Description of the task.
Copy each line of the listing below where the word "shows" turns up.

•••

lemma shape_C_inj_on: "inj_on (shape_C N) {1..N - 3}"
proof (rule inj_onI)
  have "length (takeWhile (\<lambda>x. x \<noteq> N) (tl (shape_C N j))) = j" if "j \<in> {1..N - 3}" for j
    using that by (auto simp: shape_C_def takeWhile_append simp del: upt_Suc)
  then show "shape_C N i = shape_C N j \<Longrightarrow> i \<in> {1..N - 3} \<Longrightarrow> j \<in> {1..N - 3} \<Longrightarrow> i = j" for i j
    by metis
qed

lemma card_Av_head_ne_1:
  assumes "2 \<le> N"
  shows "card {\<pi> \<in> Av N. \<pi> ! 0 \<noteq> 1} = 1 + (N - 2) + (N - 3)"
proof -
  have "shape_A N \<notin> shape_B N ` {1..N - 2} \<union> shape_C N ` {1..N - 3}"
    by (auto simp: shape_A_def shape_B_def shape_C_def)
  moreover have "shape_B N ` {1..N - 2} \<inter> shape_C N ` {1..N - 3} = {}"
    by (auto simp: shape_B_def shape_C_def)
  moreover have "card (shape_B N ` {1..N - 2}) = N - 2" "card (shape_C N ` {1..N - 3}) = N - 3"
    using card_image[OF shape_B_inj_on] card_image[OF shape_C_inj_on] by simp_all
  ultimately show ?thesis
    unfolding Av_head_ne_1_eq[OF assms] by (simp add: card_Un_disjoint)
qed

lemma Av_head_1_eq: "{\<pi> \<in> Av (Suc n). \<pi> ! 0 = 1} = (\<lambda>\<sigma>. 1 # map Suc \<sigma>) ` Av n"
  by (rule F_head_1_eq) (auto intro!: exI[of _ 1])

lemma card_Av_Suc:
  assumes "1 \<le> n"
  shows "card (Av (Suc n)) = card (Av n) + 1 + (n - 1) + (n - 2)"
proof -
  let ?one = "{\<pi> \<in> Av (Suc n). \<pi> ! 0 = 1}" and ?other = "{\<pi> \<in> Av (Suc n). \<pi> ! 0 \<noteq> 1}"
  have "card (Av (Suc n)) = card (?one \<union> ?other)"
    by (rule arg_cong[where f = card]) blast
  also have "\<dots> = card ?one + card ?other"
    by (rule card_Un_disjoint) (auto intro: finite_subset[OF _ finite_F])
  also have "card ?one = card (Av n)"
    unfolding Av_head_1_eq by (rule card_image) (simp add: inj_on_def)
  also have "card ?other = 1 + (n - 1) + (n - 2)"
    using card_Av_head_ne_1[of "Suc n"] assms by simp
  finally show ?thesis
    by simp
qed

lemma Av_1: "Av 1 = {[1]}"
proof (intro equalityI subsetI)
  fix \<pi> assume "\<pi> \<in> Av 1"
  then have "length \<pi> = 1" "set \<pi> = {1}"
    using length_perm_of unfolding mem_Av_iff perm_of_def by auto
  then show "\<pi> \<in> {[1]}"
    by (cases \<pi>) auto
qed (unfold mem_Av_iff perm_of_def fishburn_def, simp)

theorem mainTheorem7:
  fixes n :: nat
  assumes "n \<ge> 2"
  shows "int (card (F n [[3,2,1],[2,1,3,4]])) = int n ^ 2 - 3 * int n + 4"
  using assms
proof (induction n rule: nat_induct_at_least)
  case base
  have "card (Av 1) = 1"
    unfolding Av_1 by simp
  moreover have "card (Av 2) = card (Av 1) + 1"
    using card_Av_Suc[of 1] by (simp add: numeral_2_eq_2)
  ultimately show ?case
    by simp
next
  case (Suc n)
  then show ?case
    using card_Av_Suc[of n] by (simp add: power2_eq_square algebra_simps)
qed

end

•••

Written solution.
  shows "card {\<pi> \<in> Av N. \<pi> ! 0 \<noteq> 1} = 1 + (N - 2) + (N - 3)"
  shows "card (Av (Suc n)) = card (Av n) + 1 + (n - 1) + (n - 2)"
  shows "int (card (F n [[3,2,1],[2,1,3,4]])) = int n ^ 2 - 3 * int n + 4"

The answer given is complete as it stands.